Или так:
– Пакэн повторяется!
И больше ничего. Пусть все лопнут.
Если разговор очень вялый, вы можете легко оживить его, бросив вскользь:
– Видела вчера в церкви Анну Павловну. Какая красавица!
Тут-то и начнется.
– Анна Павловна красавица? Ну уж это, я вам скажу…
– Анна Павловна харя.
– Она одевается недурно, но ведь она ужасна!
– Одета она всегда возмутительно! Я даже не понимаю, где она заказывает эти ужасы. Ее выручает смазливое личико…
– Личико?! У нее муравьиный нос. Фигура только и выручает.
– Горбатая… Один бок…
– У нее три ноги…
– У нее, скорее, фигура смазливая, чем лицо.
– Характер у нее смазливый, а не фигура.
– Несчастный муж! Жена, кажется, продается направо и налево…
– Женщине шестой десяток и вечно за ней хвост мальчишек.
– Очевидно, умная женщина.
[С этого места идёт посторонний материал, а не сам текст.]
lemma card_suffixes_le: "card suffixes \<le> 2 ^ (2 * side)"
proof -
  have "card suffixes \<le> card (lefts \<times> Pow rights)"
    unfolding suffixes_def by (rule card_image_le) (simp add: lefts_def rights_def)
  also have "\<dots> = side * 2 ^ side"
    by (simp add: card_cartesian_product lefts_def rights_def card_Pow)
  also have "\<dots> \<le> 2 ^ side * 2 ^ side"
    by (simp add: less_imp_le)
  finally show ?thesis
    by (simp add: mult_2 power_add)
qed

lemma length_suffixes: "\<forall>Q\<in>suffixes. length Q = n"
  by (auto simp: suffixes_def row_suffix_def length_toggle_suffix finite_padded_row
      card_padded_row_le)

lemma online_scheme_lower_bound:
  assumes F: "F = connected_xor n \<or> F = bipartite_xor n"
    and scheme: "online_scheme n F S cv ca h V"
  shows "n * n \<le> 1152 * ((ca + n) * cv)"
proof -
  obtain H b where "H \<subseteq> {1..n}" and decides: "\<And>x i R. x \<in> choices \<Longrightarrow> i \<in> lefts \<Longrightarrow>
      R \<subseteq> rights \<Longrightarrow> F (row_prefix H x @ row_suffix i R) = ((x i = R) = b)"
  proof (cases "F = connected_xor n")
    case True
    show ?thesis
      by (rule that[of "{1..n}" False]) (use True connected_instance_iff in auto)
  next
    case False
    then have "F = bipartite_xor n"
      using F by blast
    show ?thesis
      by (rule that[of cols True])
        (use \<open>F = bipartite_xor n\<close> bipartite_instance_iff cols_subset in auto)
  qed
  have fool: "\<exists>Q\<in>suffixes. promise n (row_prefix H x @ Q) \<and> promise n (row_prefix H x' @ Q) \<and>
      F (row_prefix H x @ Q) \<noteq> F (row_prefix H x' @ Q)"
    if x: "x \<in> choices" and x': "x' \<in> choices" and "x \<noteq> x'" for x x'
  proof -
    have "\<exists>i\<in>lefts. x i \<noteq> x' i"
      using x x' \<open>x \<noteq> x'\<close> PiE_ext unfolding choices_def by blast
    then obtain i where i: "i \<in> lefts" "x i \<noteq> x' i"
      by blast
    then have row: "x i \<subseteq> rights"
      using choices_row x by blast
    have "row_suffix i (x i) \<in> suffixes"
      using i row by (auto simp: suffixes_def)
    moreover have "promise n (row_prefix H x @ row_suffix i (x i))"
      and "promise n (row_prefix H x' @ row_suffix i (x i))"
      using promise_instance \<open>H \<subseteq> {1..n}\<close> x x' i(1) row by blast+
    moreover have "F (row_prefix H x @ row_suffix i (x i)) \<noteq> F (row_prefix H x' @ row_suffix i (x i))"
      using decides[OF x i(1) row] decides[OF x' i(1) row] i(2) by auto
    ultimately show ?thesis
      by blast
  qed
  have "card choices \<le> 2 ^ (18 * cv * (2 * side + 2 * ca + n + 4))"
    by (rule online_scheme_fooling_set_card_le[where P = "row_prefix H",
        OF scheme finite_suffixes card_suffixes_le length_suffixes fool])
  then have "side * side \<le> 18 * cv * (2 * side + 2 * ca + n + 4)"
    unfolding card_choices by (rule power_le_imp_le_exp[rotated]) simp
  also have "\<dots> \<le> 18 * cv * (4 * (ca + n))"
    using side_bounds by (intro mult_left_mono) (auto simp: pad_def)
  also have "\<dots> = 72 * ((ca + n) * cv)"
    by (simp add: algebra_simps)
  finally have "side * side \<le> 72 * ((ca + n) * cv)" .
  moreover have "n * n \<le> 16 * (side * side)"
    using mult_le_mono[OF side_bounds(1) side_bounds(1)] by simp
  ultimately show ?thesis
    by linarith
qed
Раз ей шестьдесят лет, да еще и урод она, и одевается скверно, так за что же ей платят?
– Анна Павловна умна? Вот уж разодолжили! Дура петая-перепетая.
– А много ли им нужно! Была бы хорошенькая мордочка.
– Да одевалась бы хорошо.
– Так, значит, она хорошенькая?
– Совершенная цапля, только коротенькая… Кривая.
– Ну вот! А вы говорите – продается.
– Сама всем платит.
– Что же – значит богатая?
– Ломаного гроша нет. Я ей сама старую шляпку подарила.
– Так как же тогда? Чем же она платит?
– Ах, какая вы наивная! Уж поверьте, что на это найдется.
– А на вид ей не более тридцати.
– Ах, какая вы наивная! Ей на вид все восемьдесят.
Это разговор специально дамский.
Для возбуждения мужских страстей вы вскользь бросаете:
– Интересно мнение большинства. Следует нам вообще объединиться, разъединиться или отъединиться.
Тут пойдет.
В общем, эти разговоры, если их не сбивать, могут длиться часа три-четыре.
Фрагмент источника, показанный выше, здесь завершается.